**Action item:**
Check every line of the material below, and show those that contain "Longrightarrow".

**Raw data:**
****************
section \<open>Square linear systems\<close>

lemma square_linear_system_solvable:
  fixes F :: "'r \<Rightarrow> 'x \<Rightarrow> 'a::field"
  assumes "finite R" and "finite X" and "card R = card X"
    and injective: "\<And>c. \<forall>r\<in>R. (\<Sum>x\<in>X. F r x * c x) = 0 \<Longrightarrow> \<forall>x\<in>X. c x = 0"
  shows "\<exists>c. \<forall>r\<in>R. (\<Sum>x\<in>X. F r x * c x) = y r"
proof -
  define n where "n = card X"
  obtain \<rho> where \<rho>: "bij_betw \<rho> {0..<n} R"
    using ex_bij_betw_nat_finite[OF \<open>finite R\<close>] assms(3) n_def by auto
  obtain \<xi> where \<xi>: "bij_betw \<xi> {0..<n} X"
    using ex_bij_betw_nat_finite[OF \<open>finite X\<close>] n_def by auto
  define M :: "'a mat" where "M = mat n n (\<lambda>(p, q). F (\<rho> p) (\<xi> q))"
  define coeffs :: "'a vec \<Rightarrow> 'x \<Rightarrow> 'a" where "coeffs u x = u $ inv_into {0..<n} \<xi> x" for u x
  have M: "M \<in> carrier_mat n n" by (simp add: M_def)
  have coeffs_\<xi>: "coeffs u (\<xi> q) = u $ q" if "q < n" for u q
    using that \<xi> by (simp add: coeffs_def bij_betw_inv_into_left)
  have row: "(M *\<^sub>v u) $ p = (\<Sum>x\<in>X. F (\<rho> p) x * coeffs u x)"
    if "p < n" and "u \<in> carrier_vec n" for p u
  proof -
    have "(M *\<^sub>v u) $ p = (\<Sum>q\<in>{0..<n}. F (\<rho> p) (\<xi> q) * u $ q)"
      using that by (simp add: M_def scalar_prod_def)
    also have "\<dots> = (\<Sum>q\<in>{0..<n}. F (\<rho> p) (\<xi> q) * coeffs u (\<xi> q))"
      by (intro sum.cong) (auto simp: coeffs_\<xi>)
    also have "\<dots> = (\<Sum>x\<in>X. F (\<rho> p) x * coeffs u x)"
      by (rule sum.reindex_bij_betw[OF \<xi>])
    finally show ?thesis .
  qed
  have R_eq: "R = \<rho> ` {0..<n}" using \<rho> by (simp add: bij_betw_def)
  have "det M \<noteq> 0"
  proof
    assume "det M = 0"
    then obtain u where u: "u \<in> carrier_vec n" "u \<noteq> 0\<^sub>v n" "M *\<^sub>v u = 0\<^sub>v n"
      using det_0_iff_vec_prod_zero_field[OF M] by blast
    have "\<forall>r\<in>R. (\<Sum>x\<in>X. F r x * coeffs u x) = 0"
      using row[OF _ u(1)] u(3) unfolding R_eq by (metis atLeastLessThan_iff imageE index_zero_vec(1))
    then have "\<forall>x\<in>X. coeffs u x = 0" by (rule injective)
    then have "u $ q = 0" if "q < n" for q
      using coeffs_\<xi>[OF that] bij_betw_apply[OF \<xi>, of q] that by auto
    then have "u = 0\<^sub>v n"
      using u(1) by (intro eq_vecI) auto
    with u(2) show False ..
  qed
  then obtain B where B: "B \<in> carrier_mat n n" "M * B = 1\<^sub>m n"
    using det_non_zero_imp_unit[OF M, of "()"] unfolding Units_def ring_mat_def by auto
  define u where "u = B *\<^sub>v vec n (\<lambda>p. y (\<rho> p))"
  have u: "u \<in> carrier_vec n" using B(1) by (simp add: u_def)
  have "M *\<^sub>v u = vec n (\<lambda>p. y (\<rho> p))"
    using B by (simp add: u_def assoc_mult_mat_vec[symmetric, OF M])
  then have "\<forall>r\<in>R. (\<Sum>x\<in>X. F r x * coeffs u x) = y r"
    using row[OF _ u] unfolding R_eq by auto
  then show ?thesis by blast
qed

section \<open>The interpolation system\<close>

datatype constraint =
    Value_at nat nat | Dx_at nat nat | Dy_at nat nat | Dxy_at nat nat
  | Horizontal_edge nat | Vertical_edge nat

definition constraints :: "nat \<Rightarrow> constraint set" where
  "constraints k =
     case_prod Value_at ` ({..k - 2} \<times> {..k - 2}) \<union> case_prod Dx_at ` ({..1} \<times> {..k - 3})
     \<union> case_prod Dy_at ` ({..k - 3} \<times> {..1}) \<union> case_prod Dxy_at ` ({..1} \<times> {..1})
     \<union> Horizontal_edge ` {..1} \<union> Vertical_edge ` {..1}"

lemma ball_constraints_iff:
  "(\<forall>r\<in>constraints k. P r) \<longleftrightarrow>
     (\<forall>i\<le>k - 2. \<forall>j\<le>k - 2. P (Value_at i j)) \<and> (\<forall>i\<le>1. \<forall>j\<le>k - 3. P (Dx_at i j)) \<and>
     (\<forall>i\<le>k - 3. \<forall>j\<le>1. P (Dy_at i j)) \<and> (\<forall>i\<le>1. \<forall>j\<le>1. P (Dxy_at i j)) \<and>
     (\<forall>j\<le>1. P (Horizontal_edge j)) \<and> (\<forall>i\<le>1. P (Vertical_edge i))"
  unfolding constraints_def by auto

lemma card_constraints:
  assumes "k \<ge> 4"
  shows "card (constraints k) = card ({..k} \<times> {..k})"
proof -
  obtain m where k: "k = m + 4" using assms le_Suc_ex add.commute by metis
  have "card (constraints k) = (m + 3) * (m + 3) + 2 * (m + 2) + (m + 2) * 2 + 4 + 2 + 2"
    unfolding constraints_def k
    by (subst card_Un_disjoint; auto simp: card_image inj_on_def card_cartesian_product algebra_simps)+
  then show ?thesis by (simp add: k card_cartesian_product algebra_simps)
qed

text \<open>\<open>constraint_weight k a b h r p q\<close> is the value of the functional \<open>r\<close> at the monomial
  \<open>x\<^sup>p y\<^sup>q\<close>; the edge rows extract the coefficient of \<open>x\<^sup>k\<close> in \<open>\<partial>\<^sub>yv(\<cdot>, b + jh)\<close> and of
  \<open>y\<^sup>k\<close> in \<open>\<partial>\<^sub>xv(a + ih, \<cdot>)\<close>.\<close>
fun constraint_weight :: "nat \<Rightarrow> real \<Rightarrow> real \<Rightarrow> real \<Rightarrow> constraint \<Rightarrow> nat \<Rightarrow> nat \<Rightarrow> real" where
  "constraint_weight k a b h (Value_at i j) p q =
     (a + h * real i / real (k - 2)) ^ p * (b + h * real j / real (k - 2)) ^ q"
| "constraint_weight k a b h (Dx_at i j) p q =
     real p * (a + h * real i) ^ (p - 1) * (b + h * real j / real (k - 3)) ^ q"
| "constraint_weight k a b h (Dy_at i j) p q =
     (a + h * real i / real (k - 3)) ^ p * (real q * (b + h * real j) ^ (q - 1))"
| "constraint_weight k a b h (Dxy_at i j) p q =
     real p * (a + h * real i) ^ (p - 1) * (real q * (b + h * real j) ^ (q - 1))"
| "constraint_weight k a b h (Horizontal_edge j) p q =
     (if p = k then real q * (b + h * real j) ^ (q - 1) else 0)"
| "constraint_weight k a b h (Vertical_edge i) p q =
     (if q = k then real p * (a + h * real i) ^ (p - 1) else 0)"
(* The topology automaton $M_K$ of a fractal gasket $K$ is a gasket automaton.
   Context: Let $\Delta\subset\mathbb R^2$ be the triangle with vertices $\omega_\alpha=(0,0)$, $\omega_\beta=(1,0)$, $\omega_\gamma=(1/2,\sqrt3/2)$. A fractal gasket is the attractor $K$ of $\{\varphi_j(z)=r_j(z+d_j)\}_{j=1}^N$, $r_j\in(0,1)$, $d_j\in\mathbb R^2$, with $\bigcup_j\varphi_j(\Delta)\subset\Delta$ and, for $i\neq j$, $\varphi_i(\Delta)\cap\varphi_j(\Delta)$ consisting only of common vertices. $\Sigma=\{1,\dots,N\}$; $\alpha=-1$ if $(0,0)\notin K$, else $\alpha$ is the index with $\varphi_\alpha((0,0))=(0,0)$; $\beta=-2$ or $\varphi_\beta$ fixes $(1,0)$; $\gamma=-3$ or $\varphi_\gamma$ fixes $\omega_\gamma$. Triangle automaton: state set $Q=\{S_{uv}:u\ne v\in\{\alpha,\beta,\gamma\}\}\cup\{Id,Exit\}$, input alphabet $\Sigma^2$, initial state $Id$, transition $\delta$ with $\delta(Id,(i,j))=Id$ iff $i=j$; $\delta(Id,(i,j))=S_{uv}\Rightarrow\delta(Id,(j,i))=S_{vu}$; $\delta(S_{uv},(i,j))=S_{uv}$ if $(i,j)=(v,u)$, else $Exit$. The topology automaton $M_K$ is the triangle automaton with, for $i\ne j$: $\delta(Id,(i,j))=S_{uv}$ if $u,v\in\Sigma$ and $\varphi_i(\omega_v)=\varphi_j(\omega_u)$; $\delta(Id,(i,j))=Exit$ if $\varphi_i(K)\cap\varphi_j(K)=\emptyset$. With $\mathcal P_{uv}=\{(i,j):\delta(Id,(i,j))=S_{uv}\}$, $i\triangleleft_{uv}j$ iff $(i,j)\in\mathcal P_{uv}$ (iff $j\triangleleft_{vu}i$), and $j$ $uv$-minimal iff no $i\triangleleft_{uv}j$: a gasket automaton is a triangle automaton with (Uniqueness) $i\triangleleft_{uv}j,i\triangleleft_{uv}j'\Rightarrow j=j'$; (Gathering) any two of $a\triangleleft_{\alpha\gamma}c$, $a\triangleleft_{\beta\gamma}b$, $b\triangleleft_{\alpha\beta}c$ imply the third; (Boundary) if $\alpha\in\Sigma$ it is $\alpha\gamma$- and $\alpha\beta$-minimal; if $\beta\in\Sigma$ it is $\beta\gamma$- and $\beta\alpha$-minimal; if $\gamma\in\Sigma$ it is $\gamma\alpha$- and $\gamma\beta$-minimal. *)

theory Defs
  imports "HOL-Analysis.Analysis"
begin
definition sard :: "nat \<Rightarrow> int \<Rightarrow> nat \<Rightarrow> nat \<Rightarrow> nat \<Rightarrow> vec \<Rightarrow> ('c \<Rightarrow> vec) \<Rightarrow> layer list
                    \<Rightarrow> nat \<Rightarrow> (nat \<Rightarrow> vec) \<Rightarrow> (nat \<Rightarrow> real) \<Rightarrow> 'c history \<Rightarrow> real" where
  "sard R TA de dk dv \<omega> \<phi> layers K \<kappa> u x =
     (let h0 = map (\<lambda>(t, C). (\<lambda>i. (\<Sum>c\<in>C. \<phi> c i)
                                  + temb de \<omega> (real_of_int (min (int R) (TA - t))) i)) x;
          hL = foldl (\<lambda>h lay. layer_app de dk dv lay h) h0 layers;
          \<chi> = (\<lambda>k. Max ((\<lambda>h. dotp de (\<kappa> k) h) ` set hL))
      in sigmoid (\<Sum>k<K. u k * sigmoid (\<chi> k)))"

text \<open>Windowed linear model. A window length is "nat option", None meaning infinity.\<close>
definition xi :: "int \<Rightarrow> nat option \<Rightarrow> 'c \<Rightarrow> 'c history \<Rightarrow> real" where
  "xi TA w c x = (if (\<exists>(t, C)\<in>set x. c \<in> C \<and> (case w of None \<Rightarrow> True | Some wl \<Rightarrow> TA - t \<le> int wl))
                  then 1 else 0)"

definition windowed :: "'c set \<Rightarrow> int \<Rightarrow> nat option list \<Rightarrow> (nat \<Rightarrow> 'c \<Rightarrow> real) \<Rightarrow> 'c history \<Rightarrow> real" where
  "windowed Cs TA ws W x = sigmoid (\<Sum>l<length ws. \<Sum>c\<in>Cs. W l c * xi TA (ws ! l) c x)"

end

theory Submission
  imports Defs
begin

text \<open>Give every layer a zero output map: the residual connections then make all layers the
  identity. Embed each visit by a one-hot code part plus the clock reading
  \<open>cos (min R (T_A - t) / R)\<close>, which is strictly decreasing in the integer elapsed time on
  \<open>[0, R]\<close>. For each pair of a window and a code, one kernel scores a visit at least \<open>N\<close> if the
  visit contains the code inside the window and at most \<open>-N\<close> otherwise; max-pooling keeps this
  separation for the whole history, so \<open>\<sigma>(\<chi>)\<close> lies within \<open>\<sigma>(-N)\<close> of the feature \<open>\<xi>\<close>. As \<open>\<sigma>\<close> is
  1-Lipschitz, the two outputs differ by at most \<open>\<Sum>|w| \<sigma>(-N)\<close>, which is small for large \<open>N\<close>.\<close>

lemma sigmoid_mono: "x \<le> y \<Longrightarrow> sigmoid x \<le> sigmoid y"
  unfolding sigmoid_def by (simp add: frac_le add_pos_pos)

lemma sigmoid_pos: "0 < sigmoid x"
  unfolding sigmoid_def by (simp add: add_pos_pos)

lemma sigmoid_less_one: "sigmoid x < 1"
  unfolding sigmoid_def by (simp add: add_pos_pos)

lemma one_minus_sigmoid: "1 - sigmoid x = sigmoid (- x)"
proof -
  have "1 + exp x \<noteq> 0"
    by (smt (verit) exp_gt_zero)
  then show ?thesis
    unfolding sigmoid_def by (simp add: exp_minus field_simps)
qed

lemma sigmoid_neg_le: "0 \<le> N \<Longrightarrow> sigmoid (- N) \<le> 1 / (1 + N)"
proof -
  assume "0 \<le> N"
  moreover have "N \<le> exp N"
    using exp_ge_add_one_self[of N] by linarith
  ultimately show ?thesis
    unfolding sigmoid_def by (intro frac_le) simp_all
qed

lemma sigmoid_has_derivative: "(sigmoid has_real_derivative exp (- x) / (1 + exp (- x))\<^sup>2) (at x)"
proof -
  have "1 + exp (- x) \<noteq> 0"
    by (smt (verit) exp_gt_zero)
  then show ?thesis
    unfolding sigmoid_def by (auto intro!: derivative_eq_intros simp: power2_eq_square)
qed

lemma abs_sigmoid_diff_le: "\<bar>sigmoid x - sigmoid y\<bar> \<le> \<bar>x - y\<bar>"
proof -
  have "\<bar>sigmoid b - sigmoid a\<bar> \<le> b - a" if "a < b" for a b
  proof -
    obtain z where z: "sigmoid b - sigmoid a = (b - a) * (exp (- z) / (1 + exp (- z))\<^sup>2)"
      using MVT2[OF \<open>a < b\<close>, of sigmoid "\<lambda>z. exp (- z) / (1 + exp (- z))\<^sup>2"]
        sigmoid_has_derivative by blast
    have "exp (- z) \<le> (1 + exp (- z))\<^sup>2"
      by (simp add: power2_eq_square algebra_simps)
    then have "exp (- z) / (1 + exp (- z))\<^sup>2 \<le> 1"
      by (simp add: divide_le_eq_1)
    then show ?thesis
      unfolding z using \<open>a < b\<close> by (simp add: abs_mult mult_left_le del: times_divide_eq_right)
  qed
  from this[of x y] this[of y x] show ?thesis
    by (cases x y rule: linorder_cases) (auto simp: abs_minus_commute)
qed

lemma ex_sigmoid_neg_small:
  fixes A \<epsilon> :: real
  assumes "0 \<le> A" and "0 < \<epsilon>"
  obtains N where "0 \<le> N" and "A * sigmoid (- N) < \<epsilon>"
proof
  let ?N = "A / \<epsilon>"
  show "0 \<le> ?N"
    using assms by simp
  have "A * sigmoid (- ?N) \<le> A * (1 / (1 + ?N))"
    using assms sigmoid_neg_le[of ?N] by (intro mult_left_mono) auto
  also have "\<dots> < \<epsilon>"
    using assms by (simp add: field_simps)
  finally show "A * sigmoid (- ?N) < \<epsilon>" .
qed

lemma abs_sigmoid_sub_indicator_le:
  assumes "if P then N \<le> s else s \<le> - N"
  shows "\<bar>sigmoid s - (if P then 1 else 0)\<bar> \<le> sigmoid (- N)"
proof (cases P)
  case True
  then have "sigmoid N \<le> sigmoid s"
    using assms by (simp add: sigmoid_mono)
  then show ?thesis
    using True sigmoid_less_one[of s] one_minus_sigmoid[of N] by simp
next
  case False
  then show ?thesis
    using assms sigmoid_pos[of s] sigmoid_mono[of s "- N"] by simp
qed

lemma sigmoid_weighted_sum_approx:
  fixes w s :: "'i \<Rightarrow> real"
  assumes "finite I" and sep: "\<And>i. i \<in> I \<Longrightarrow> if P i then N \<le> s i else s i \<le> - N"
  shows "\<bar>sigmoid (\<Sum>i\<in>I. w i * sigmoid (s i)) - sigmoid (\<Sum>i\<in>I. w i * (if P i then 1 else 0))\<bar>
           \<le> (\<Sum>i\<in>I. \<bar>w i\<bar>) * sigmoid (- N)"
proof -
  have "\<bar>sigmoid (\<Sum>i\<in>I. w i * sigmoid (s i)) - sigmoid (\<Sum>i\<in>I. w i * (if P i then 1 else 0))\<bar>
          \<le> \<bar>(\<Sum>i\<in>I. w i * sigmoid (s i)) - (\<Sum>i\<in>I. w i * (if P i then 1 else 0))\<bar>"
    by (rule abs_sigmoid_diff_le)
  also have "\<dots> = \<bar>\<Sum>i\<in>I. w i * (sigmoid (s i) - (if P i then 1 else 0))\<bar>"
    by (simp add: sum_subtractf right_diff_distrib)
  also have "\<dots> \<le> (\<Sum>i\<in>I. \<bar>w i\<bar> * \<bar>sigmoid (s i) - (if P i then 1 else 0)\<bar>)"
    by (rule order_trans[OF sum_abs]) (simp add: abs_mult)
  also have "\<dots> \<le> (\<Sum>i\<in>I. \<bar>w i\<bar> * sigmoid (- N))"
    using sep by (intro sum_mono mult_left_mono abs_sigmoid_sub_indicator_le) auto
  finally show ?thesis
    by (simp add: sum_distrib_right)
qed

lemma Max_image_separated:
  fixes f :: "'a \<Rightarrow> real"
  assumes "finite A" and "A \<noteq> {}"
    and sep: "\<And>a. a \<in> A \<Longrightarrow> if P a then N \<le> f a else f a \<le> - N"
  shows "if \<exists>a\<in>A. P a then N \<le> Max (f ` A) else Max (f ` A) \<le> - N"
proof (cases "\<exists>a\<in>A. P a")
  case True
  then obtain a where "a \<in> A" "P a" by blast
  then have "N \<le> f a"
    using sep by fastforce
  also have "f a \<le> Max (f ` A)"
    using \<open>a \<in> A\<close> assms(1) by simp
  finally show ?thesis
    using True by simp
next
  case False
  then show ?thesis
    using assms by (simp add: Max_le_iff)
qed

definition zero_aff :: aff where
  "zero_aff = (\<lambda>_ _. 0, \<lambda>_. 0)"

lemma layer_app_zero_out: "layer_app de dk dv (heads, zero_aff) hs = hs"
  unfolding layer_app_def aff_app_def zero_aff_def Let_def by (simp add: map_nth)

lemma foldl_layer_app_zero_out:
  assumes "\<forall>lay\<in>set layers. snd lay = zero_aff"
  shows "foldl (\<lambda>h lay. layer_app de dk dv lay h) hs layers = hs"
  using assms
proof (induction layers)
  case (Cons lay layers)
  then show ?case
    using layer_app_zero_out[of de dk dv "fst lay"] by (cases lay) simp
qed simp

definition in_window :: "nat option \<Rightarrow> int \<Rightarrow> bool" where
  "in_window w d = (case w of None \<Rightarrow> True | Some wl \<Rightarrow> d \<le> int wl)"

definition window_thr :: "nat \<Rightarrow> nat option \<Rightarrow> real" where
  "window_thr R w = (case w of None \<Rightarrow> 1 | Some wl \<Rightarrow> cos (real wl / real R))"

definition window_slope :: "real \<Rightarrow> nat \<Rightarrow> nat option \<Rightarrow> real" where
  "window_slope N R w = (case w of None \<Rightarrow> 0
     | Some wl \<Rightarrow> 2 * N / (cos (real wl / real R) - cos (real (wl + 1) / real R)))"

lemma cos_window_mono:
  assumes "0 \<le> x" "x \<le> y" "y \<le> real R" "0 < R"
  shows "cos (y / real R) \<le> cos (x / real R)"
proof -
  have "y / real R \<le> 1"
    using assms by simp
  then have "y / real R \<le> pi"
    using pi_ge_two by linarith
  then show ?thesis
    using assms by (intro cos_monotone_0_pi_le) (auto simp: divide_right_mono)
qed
****************
**Written reply:**
    and injective: "\<And>c. \<forall>r\<in>R. (\<Sum>x\<in>X. F r x * c x) = 0 \<Longrightarrow> \<forall>x\<in>X. c x = 0"
lemma sigmoid_mono: "x \<le> y \<Longrightarrow> sigmoid x \<le> sigmoid y"
lemma sigmoid_neg_le: "0 \<le> N \<Longrightarrow> sigmoid (- N) \<le> 1 / (1 + N)"
  assumes "finite I" and sep: "\<And>i. i \<in> I \<Longrightarrow> if P i then N \<le> s i else s i \<le> - N"
    and sep: "\<And>a. a \<in> A \<Longrightarrow> if P a then N \<le> f a else f a \<le> - N"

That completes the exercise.